**Task item:** Copy out the entries below exactly as they stand, but only from the line containing "define v where" through the line containing "fix i assume".

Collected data
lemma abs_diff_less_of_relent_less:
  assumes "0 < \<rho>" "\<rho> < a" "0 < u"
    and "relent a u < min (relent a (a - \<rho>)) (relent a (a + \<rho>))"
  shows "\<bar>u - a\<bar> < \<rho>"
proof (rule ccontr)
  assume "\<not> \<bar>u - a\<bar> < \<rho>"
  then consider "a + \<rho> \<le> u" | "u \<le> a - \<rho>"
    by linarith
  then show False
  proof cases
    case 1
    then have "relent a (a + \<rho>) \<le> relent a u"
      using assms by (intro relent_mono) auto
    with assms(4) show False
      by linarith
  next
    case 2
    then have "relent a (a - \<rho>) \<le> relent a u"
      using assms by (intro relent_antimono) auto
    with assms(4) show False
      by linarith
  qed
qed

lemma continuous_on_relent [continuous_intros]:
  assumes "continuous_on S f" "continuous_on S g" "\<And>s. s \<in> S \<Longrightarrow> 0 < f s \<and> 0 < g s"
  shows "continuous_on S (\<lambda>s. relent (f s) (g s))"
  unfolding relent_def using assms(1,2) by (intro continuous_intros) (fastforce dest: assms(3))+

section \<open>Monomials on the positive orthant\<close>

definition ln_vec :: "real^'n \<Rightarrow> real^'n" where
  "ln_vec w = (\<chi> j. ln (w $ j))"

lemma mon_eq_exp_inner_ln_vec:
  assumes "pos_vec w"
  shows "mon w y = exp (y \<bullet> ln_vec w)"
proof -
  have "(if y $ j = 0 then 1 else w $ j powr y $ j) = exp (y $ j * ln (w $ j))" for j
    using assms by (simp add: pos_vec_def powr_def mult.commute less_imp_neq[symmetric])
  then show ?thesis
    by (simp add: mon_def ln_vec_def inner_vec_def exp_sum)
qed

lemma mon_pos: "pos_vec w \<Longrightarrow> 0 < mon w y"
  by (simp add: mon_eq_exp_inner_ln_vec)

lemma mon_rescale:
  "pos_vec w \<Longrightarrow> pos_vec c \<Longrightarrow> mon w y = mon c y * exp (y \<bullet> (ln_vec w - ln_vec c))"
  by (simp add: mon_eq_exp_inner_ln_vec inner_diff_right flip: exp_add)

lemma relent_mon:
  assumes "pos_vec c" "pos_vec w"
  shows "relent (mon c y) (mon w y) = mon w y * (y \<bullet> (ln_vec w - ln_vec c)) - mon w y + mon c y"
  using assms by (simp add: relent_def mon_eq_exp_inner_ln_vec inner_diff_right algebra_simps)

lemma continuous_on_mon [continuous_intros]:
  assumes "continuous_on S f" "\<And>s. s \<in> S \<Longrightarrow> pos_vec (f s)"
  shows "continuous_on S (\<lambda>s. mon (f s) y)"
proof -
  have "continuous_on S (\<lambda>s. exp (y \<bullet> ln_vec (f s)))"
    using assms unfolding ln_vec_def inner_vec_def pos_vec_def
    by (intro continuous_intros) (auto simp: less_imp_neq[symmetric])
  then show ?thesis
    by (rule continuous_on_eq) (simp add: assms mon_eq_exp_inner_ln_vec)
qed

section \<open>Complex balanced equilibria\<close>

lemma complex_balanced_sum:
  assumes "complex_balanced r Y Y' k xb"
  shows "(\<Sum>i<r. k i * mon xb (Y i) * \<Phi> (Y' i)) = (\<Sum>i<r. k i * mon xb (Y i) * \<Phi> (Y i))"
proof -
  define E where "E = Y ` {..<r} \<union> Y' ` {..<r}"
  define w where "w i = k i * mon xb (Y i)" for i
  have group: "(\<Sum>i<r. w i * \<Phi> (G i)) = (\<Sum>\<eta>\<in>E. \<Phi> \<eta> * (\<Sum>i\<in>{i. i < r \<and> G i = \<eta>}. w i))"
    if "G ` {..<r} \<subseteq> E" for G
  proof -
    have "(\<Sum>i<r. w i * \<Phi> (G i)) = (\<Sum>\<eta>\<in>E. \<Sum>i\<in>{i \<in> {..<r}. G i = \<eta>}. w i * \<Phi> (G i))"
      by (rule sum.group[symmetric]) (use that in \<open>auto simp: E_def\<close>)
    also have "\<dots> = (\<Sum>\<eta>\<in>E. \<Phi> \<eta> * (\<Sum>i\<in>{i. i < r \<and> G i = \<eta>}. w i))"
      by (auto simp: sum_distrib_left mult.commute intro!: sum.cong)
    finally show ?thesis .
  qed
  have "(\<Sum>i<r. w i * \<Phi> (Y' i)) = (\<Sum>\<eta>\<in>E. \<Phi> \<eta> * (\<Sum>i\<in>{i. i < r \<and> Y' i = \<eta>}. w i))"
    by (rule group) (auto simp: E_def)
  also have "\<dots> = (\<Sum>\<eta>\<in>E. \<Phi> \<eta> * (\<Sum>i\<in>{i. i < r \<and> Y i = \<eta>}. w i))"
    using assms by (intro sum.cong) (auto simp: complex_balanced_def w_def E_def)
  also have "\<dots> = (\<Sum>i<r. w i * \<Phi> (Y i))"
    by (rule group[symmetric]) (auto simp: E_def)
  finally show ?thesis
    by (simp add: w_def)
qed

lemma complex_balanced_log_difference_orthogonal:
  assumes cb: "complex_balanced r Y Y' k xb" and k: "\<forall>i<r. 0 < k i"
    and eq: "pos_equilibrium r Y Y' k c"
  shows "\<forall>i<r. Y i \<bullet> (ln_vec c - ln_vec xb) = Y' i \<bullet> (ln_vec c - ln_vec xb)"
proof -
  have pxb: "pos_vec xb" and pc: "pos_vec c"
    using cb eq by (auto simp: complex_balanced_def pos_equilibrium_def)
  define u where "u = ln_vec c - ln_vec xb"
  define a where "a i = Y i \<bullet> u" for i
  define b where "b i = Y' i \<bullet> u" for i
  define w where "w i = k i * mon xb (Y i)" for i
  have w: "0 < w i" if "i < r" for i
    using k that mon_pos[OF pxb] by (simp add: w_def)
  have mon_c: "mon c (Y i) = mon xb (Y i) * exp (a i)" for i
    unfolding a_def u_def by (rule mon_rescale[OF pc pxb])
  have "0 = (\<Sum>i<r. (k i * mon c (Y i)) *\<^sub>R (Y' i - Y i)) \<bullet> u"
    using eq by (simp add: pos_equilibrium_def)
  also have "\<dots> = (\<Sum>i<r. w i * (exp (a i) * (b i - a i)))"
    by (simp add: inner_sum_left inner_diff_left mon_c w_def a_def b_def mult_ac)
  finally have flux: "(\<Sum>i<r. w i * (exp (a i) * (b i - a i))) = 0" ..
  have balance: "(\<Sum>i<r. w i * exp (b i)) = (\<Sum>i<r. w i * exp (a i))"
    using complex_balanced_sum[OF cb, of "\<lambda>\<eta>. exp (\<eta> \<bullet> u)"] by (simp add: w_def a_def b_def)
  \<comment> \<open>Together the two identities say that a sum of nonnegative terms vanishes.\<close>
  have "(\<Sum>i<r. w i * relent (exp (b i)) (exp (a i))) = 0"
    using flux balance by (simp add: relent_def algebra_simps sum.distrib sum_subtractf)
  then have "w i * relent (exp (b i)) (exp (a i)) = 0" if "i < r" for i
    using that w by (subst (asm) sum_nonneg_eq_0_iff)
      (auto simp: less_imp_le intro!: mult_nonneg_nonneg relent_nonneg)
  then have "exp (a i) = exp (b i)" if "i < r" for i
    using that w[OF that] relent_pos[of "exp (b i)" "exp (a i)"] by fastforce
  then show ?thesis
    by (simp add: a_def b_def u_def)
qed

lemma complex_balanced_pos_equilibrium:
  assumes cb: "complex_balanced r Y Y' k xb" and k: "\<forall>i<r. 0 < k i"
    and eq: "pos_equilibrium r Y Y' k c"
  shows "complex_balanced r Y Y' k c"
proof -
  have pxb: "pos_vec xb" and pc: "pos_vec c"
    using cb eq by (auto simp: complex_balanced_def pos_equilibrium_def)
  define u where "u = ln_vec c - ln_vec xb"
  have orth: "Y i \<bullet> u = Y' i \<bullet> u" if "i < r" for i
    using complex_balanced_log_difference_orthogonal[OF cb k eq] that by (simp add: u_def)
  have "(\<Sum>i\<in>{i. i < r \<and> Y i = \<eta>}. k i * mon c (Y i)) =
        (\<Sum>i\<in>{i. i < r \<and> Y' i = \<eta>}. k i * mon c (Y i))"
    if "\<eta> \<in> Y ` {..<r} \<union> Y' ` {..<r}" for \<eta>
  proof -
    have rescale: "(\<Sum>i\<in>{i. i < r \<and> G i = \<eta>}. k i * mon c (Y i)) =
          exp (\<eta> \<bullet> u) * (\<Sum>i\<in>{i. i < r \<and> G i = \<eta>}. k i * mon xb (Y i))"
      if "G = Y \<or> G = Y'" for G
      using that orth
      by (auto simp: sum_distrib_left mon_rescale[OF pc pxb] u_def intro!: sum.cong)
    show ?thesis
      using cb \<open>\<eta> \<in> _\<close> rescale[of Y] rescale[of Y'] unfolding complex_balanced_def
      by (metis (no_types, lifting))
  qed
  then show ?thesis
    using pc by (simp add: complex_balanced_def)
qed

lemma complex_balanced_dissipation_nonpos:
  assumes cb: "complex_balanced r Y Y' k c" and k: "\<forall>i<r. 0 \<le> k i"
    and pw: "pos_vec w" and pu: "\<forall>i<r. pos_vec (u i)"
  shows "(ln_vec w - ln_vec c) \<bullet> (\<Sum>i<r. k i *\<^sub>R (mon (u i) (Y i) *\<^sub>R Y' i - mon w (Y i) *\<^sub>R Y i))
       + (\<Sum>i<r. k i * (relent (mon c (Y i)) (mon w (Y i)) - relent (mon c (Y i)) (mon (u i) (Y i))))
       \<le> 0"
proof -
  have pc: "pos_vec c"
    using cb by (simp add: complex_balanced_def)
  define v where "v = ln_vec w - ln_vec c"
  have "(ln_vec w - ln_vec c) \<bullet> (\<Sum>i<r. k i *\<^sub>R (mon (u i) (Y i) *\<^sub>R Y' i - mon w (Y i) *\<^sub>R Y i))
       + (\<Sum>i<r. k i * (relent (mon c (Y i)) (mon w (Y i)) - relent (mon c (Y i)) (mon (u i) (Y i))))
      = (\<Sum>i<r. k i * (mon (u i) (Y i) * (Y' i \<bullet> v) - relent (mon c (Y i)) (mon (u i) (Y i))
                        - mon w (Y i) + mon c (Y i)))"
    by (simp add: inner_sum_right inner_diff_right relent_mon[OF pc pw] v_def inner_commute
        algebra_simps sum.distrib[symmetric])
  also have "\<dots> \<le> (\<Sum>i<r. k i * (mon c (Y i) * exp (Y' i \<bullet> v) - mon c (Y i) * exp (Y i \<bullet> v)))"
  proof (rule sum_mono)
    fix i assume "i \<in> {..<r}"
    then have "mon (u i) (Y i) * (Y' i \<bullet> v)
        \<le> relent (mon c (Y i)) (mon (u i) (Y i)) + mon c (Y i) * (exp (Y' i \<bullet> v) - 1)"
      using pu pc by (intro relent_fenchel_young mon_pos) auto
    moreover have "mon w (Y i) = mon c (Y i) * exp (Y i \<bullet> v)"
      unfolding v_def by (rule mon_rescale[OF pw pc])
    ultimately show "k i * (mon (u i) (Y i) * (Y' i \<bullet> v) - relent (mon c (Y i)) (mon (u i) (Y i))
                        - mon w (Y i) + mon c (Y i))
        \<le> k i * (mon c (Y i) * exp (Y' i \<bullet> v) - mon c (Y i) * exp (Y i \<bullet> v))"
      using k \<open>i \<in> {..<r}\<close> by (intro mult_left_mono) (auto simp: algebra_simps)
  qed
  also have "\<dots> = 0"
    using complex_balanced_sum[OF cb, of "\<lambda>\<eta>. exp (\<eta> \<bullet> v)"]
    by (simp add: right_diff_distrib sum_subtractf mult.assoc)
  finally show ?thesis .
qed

**The answer:**
  define v where "v = ln_vec w - ln_vec c"
  have "(ln_vec w - ln_vec c) \<bullet> (\<Sum>i<r. k i *\<^sub>R (mon (u i) (Y i) *\<^sub>R Y' i - mon w (Y i) *\<^sub>R Y i))
       + (\<Sum>i<r. k i * (relent (mon c (Y i)) (mon w (Y i)) - relent (mon c (Y i)) (mon (u i) (Y i))))
      = (\<Sum>i<r. k i * (mon (u i) (Y i) * (Y' i \<bullet> v) - relent (mon c (Y i)) (mon (u i) (Y i))
                        - mon w (Y i) + mon c (Y i)))"
    by (simp add: inner_sum_right inner_diff_right relent_mon[OF pc pw] v_def inner_commute
        algebra_simps sum.distrib[symmetric])
  also have "\<dots> \<le> (\<Sum>i<r. k i * (mon c (Y i) * exp (Y' i \<bullet> v) - mon c (Y i) * exp (Y i \<bullet> v)))"
  proof (rule sum_mono)
    fix i assume "i \<in> {..<r}"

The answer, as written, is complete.